The International Monetary Fund reports that direct trade between Pakistan and India was a pitifully small $2.7 billion in 2010, just two-thirds of India's trade with far smaller Sri Lanka. Remarkably, Pakistan's exports to Bangladesh are larger than those to India, though Bangladesh's economy is only 6% the size of India's. South Asia doesn't have enough trade.
The tool economists use to analyze bilateral trade, called the "gravity model," suggests trade should be proportional to the states' GDP and inversely proportional to the distance between them (a proxy for transportation costs). India's GDP of over $4 trillion is roughly nine times that of Pakistan's.
Estimates based on gravity models by Amitra Batra of Nehru University and Mohsin Khan of the Peterson Institute suggest that Pakistan-India trade could be at least 20 times larger with a bilateral free trade agreement than it is today. That's a staggering expansion of over $50 billion that would raise real wages in both countries.
By modern standards, tariffs governing trade between India and Pakistan are still relatively high, at 15%-20%. India's tariffs are higher still on natural Pakistani exports such as textiles and agriculture. Non-tariff barriers loom large, for example in transportation, visas, customs, payments and banking. There is little trade in services or foreign direct investment, as prior government approval is necessary.
Since 2006, a South Asian Free Trade Agreement has included India, Pakistan, Sri Lanka, Bangladesh, Nepal, Bhutan, the Maldives and, more recently, Afghanistan. But it has not done enough to benefit the region. The world-wide average of a country's gross domestic product exported is 28%, but India, Sri Lanka and Bangladesh export only 18%-19% of GDP, and Pakistan exports just 12.9%.
Tariff reduction has been modest and is proceeding too slowly. More important, India's exports to Pakistan are still governed by a narrow list of less than 1,000 acceptable items, because Pakistan's bilateral import policy for India supersedes the free trade agreement. (A typical Wal-Mart in the U.S. has more than 50,000 items). India's bilateral free trade agreements with Sri Lanka and other countries have left Pakistan behind.
India and Pakistan have strong incentives to further trade liberalization and are moving in that direction. They established joint working groups last year to make recommendations on visas, energy and non-tariff barriers. These are welcome first steps, but incrementalism is not likely to make a major difference. Trade bureaucracies move slowly unless pressured from above.
A better, bolder approach would be a bilateral free trade agreement that rapidly phases in real tariff elimination and shifts from the distressingly small positive list of acceptable imports to a small and shrinking negative list.

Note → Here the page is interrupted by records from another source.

lemma vsum_sym_diff:
  assumes "finite A" "finite B"
  shows "vsum (sym_diff A B) = vadd (vsum A) (vsum B)"
  unfolding vsum_def vadd_def
proof
  fix i
  have "{a \<in> sym_diff A B. a i} = sym_diff {a \<in> A. a i} {a \<in> B. a i}"
    by blast
  then show "odd (card {a \<in> sym_diff A B. a i}) \<longleftrightarrow> odd (card {a \<in> A. a i}) \<noteq> odd (card {a \<in> B. a i})"
    using even_card_sym_diff[of "{a \<in> A. a i}" "{a \<in> B. a i}"] assms by simp
qed

lemma flip_eq_sym_diff: "flip X a = sym_diff X {a}"
  by (auto simp: flip_def)

lemma vsum_flip: "finite X \<Longrightarrow> vsum (flip X a) = vadd (vsum X) a"
  by (simp add: flip_eq_sym_diff vsum_sym_diff vsum_insert)

lemma even_card_flip: "finite X \<Longrightarrow> even (card (flip X a)) \<longleftrightarrow> odd (card X)"
  by (simp add: flip_eq_sym_diff even_card_sym_diff)

lemma flip_flip [simp]: "flip (flip X a) a = X"
  by (auto simp: flip_def)

lemma vsum_eq_vzero_iff_empty:
  assumes "finite X" "even (card X)" "card X < 3"
  shows "vsum X = vzero \<longleftrightarrow> X = {}"
proof -
  have "card X = 0 \<or> card X = 2" using assms by presburger
  then show ?thesis
    using assms(1) by (auto simp: card_2_iff vsum_doubleton)
qed

lemma exists_zero_sum_quadruple:
  fixes X :: "'r vec set"
  assumes "3 \<le> card X"
  obtains Q where "card Q = 4" "vsum Q = vzero" "3 \<le> card (X \<inter> Q)"
proof -
  obtain T where "T \<subseteq> X" "card T = 3"
    using obtain_subset_with_card_n[OF assms] by metis
  then obtain a b c where abc: "{a, b, c} \<subseteq> X" "distinct [a, b, c]"
    by (auto simp: card_3_iff)
  define d where "d = vadd a (vadd b c)"
  have "vadd a d = vadd b c" "vadd b d = vadd a c" "vadd c d = vadd a b"
    by (simp_all add: d_def vadd_ac)
  then have "distinct [a, b, c, d]"
    using abc by auto
  moreover have "vsum {a, b, c, d} = vzero"
    using \<open>distinct [a, b, c, d]\<close> by (simp add: vsum_insert d_def vadd_ac)
  moreover have "{a, b, c} \<subseteq> X \<inter> {a, b, c, d}" using abc by auto
  then have "3 \<le> card (X \<inter> {a, b, c, d})"
    using abc card_mono[of "X \<inter> {a, b, c, d}" "{a, b, c}"] by auto
  ultimately show ?thesis by (intro that) auto
qed

section \<open>Words on two halves\<close>

definition lpart :: "('a + 'b) set \<Rightarrow> 'a set" where
  "lpart W = Inl -` W"

definition rpart :: "('a + 'b) set \<Rightarrow> 'b set" where
  "rpart W = Inr -` W"

lemma lpart_simps [simp]:
  "lpart {} = {}" "lpart (insert (Inl a) W) = insert a (lpart W)" "lpart (insert (Inr b) W) = lpart W"
  "lpart (V \<union> W) = lpart V \<union> lpart W" "lpart (V - W) = lpart V - lpart W"
  "lpart (Inl ` A) = A" "lpart (Inr ` B) = {}" "lpart (cat A B) = A"
  by (auto simp: lpart_def cat_def)

lemma rpart_simps [simp]:
  "rpart {} = {}" "rpart (insert (Inr b) W) = insert b (rpart W)" "rpart (insert (Inl a) W) = rpart W"
  "rpart (V \<union> W) = rpart V \<union> rpart W" "rpart (V - W) = rpart V - rpart W"
  "rpart (Inr ` B) = B" "rpart (Inl ` A) = {}" "rpart (cat A B) = B"
  by (auto simp: rpart_def cat_def)

lemma parts_decomposition: "W = Inl ` lpart W \<union> Inr ` rpart W"
proof -
  have "x \<in> W \<longleftrightarrow> x \<in> Inl ` lpart W \<union> Inr ` rpart W" for x
    by (cases x) (auto simp: lpart_def rpart_def)
  then show ?thesis by blast
qed

lemma card_parts:
  fixes W :: "('a::finite + 'b::finite) set"
  shows "card W = card (lpart W) + card (rpart W)"
proof -
  have "card W = card (Inl ` lpart W \<union> Inr ` rpart W)"
    using parts_decomposition[of W] by simp
  also have "\<dots> = card (lpart W) + card (rpart W)"
    by (subst card_Un_disjoint) (auto simp: card_image)
  finally show ?thesis .
qed

definition one_sided :: "('a + 'b) set \<Rightarrow> bool" where
  "one_sided B \<longleftrightarrow> (\<forall>p \<in> B. \<forall>q \<in> B. isl p = isl q)"

lemma parts_empty_iff:
  "lpart B = {} \<longleftrightarrow> (\<forall>p \<in> B. \<not> isl p)" "rpart B = {} \<longleftrightarrow> (\<forall>p \<in> B. isl p)"
proof -
  have "lpart B = {} \<longleftrightarrow> (\<forall>a. Inl a \<notin> B)" "rpart B = {} \<longleftrightarrow> (\<forall>b. Inr b \<notin> B)"
    by (simp_all add: lpart_def rpart_def vimage_def set_eq_iff)
  moreover have "(\<forall>a. Inl a \<notin> B) \<longleftrightarrow> (\<forall>p \<in> B. \<not> isl p)" "(\<forall>b. Inr b \<notin> B) \<longleftrightarrow> (\<forall>p \<in> B. isl p)"
    by (metis sum.collapse(1) sum.disc(1), metis sum.collapse(2) sum.disc(2))
  ultimately show "lpart B = {} \<longleftrightarrow> (\<forall>p \<in> B. \<not> isl p)" "rpart B = {} \<longleftrightarrow> (\<forall>p \<in> B. isl p)"
    by simp_all
qed

lemma one_sided_iff_parts: "one_sided B \<longleftrightarrow> lpart B = {} \<or> rpart B = {}"
  unfolding one_sided_def parts_empty_iff by blast

lemma mem_S_tau_iff:
  assumes "\<tau> vzero = vzero"
  shows "W \<in> S_tau \<tau> \<longleftrightarrow>
    even (card (lpart W)) \<and> even (card (rpart W)) \<and> vsum (rpart W) = \<tau> (vsum (lpart W))"
    (is "_ \<longleftrightarrow> ?even_halves \<and> ?syndromes")
proof
  assume "W \<in> S_tau \<tau>"
  then obtain a X Y where "W = cat (flip (flip X a) vzero) (flip (flip Y (\<tau> a)) (\<tau> vzero))"
    and "X \<in> ext_hamming" "Y \<in> ext_hamming"
    unfolding S_tau_def by auto
  then show "?even_halves \<and> ?syndromes"
    using assms by (simp add: vsum_flip even_card_flip ext_hamming_def)
next
  assume W: "?even_halves \<and> ?syndromes"
  define a where "a = vsum (lpart W)"
  define X where "X = flip (flip (lpart W) vzero) a"
  define Y where "Y = flip (flip (rpart W) vzero) (\<tau> a)"
  have "X \<in> ext_hamming" "Y \<in> ext_hamming"
    using W by (simp_all add: X_def Y_def a_def ext_hamming_def vsum_flip even_card_flip)
  moreover have "W = cat (flip (flip X a) vzero) (flip (flip Y (\<tau> a)) (\<tau> vzero))"
    unfolding X_def Y_def assms flip_flip cat_def by (rule parts_decomposition)
  ultimately have "W \<in> {cat (flip (flip X a) vzero) (flip (flip Y (\<tau> a)) (\<tau> vzero)) | X Y.
      X \<in> ext_hamming \<and> Y \<in> ext_hamming}"
    by blast
  then show "W \<in> S_tau \<tau>"
    unfolding S_tau_def by (rule UN_I[where a = a, OF UNIV_I])
qed

section \<open>Stabilizers and closing pairs\<close>

abbreviation stabilizes :: "('p \<Rightarrow> 'p) \<Rightarrow> 'p set set \<Rightarrow> bool" where
  "stabilizes \<pi> D \<equiv> (\<lambda>Y. \<pi> ` Y) ` D = D"

lemma image_mem_iff_if_stabilizes:
  assumes "bij \<pi>" "stabilizes \<pi> D"
  shows "\<pi> ` A \<in> D \<longleftrightarrow> A \<in> D"
proof -
  have "inj (\<lambda>Y. \<pi> ` Y)"
    using assms(1) by (simp add: bij_is_inj inj_on_image)
  then have "\<pi> ` A \<in> (\<lambda>Y. \<pi> ` Y) ` D \<longleftrightarrow> A \<in> D"
    by (rule inj_image_mem_iff)
  then show ?thesis
    using assms(2) by simp
qed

The obstacles to such an agreement range from cross-border security concerns to old-fashioned protectionism. The perceived economic vulnerability to free trade of some domestic firms, sectors and regions can be addressed with transition relief such as worker retraining and tariff phase-in periods.
Realistically, it will take several years to negotiate and implement a free trade agreement between India and Pakistan. Even with strong political leadership, negotiating Nafta took four years.
Still, Pakistan President Asif Ali Zardari and Indian Prime Minister Manmohan Singh spoke of the importance of trade in their brief meeting earlier this month in New Delhi. Both men appear to understand that trade liberalization is economically necessary and will diffuse tensions between these two nuclear nations. The next step is to initiate high-level discussions of a free trade agreement.
Mr. Boskin is a professor of economics at Stanford and a senior fellow at the Hoover Institution. As chairman of George H.W. Bush's President's Council of Economic Advisers, he and Secretary of State James A. Baker III were instrumental in initiating Nafta.